Из-за очередной пустой деревушки в три двора ракета красная в небо взлетела. Никак, предупреждают кого о нас? А?
Мне подумалось — это ж сколько потом у Тайной службы работы будет? Всех этих лиходеев выискивать, да выковыривать спрятавшихся. По-любому ведь, у них же и соучастники есть, и осведомители? Вот паскуды!
Но ничё-ё, да даже если мы не справимся, щас армия подойдёт, мало не покажется!
Я пнул в крышу:
— Хаген, внимательнее. Нас заметили.
— Понял! — о как, даже не привычное «яволь»?
Сам я, конечно, тоже настороженней оглядывался. Спасибо, как говорится, за предупреждение! Ежели б не та красная ракета, я бы эту холеру и не заметил.
Кого, спросите?
Что, точнее. Цепь толстенную, натянутую поперёк дороги. Да как раз с одной стороны несколько листвяков двуохватных отступ вбок перекрывает, а с другой — скала как бы не в «Саранчу» ростом. Не иначе, нарочно место подобрано!
А мы летим!
— Шпринг! — заорал я в люк Хагену.
И дойч не подвёл! Шагоход прям на ходу лягнул опорами тракт и, пролетев метров пятьдесят, с громким лязгом приземлился. Я чуть язык не прикусил! От, ядрёна колупайка! Это что за прыгучесть у нас феноменальная открылась⁈
Мысли горохом скакали в голове.
Зуб даю, раньше «Саранча» так далеко не прыгала!..
Опять студенты чего умудрили?
Или это с разгону так получилось?
Неважно!
А важно то, что дорога здесь виляла по ложбинке!
И после по-настоящему саранчиного прыжка вылетели мы на обочину — и дальше! — да вломились в молоденький сосняк. Наверное, лет десять назад тут пожар был, и поэтому сосенки стояли ровненькие, густые, прям как на подбор.
И вот из этого самого сосняка во все стороны ломанулись мужички. Кажись, мы с самое кубло разбойничье залетели! И потоптали кого… Хаген довернулся и дал ещё один прыжок. Не-е, таки намудрили господа студиозусы! Там в сосняке и не разгонишься шибко, получилось без разбега — а скаканули, я б сказал, чересчур. Пусть и не так длинно, но вылетели вновь на тракт.
А там прям полный аншлаг! Со всех обочин полезли. Только вот столов с разносолами и шампанским для встречи чёт не наблюдается. Бегают, орут, стреляют. Мозгой скорбные. Ну ладно, ты всадника или трактор караванный остановил стрельбой из винтовки. Но боевой шагоход? Вы в своём уме вообще? Как дети малые.

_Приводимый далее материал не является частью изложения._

(* For every integer $k\ge1$, in $\mathbb{Z}[q,q^{-1}][[x]]$, \[ A_k(q,x)=\sum_{i=1}^{k}\ \sum_{1=t_1<t_2<\dots<t_{i+1}=k+1}\frac{(-1)^{k+i}q^{-ik+\sum_{j=1}^{i}t_j}\,x^k}{1-x}\prod_{j=1}^{i}\left(\frac{[j]}{1-[j+1]x}\right)^{t_{j+1}-t_j}. \]
   Context: $[m]=1+q+\dots+q^{m-1}$. For $0\le k\le n$, a $\hbox{Le}$-diagram in a $k\times(n-k)$ rectangle is a pair $(\lambda,D)$ with $\lambda=(\lambda_1\ge\dots\ge\lambda_k\ge0)$, $\lambda_1\le n-k$, and $D$ a filling of the Young diagram of $\lambda$ (row $i$ has $\lambda_i$ left-justified boxes, row 1 on top) by $0$'s and $1$'s such that no $0$ has a $1$ above it in its column and a $1$ to its left in its row; its rank is its number of $1$'s. $A_{k,n}(q)=\sum q^{\mathrm{rank}}$ over such diagrams (the generating function of cells of the totally nonnegative Grassmannian $Gr^+_{k,n}$ by dimension), $A_{k,n}(q)=0$ for $n<k$, and $A_k(q,x)=\sum_{n\ge0}A_{k,n}(q)x^n$. Fractions denote inverses in the power series ring. *)

theory Defs
  imports "HOL-Computational_Algebra.Formal_Laurent_Series"
begin

text \<open>Laurent polynomials in q are embedded into the field rat fls of formal Laurent
  series in q; the power series ring in x over it is (rat fls) fps.\<close>

text \<open>A Le-diagram in a k x (n-k) rectangle: a partition lam (rows 1..k, zero elsewhere)
  with lam 1 \<le> n-k, weakly decreasing, and the set D of cells filled with 1.\<close>

definition young_cells :: "nat \<Rightarrow> (nat \<Rightarrow> nat) \<Rightarrow> (nat \<times> nat) set" where
  "young_cells k lam = {(i, j). 1 \<le> i \<and> i \<le> k \<and> 1 \<le> j \<and> j \<le> lam i}"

Я стесняться не стал, от души ответил им из мелкашки. Как говорится: вы к нам с угощением — так и получайте наше «спасибо»! Хаген крутился во все стороны — так я во все стороны и поливал. А и удобно — кругом враги! И давай мы косить, как Микула Селянинович в былине: «как махнёт — там улочка, отмахнётся — переулочек!» Судя по яростным воплям и отчаянной ответной стрельбе, разбойничкам не понравилось.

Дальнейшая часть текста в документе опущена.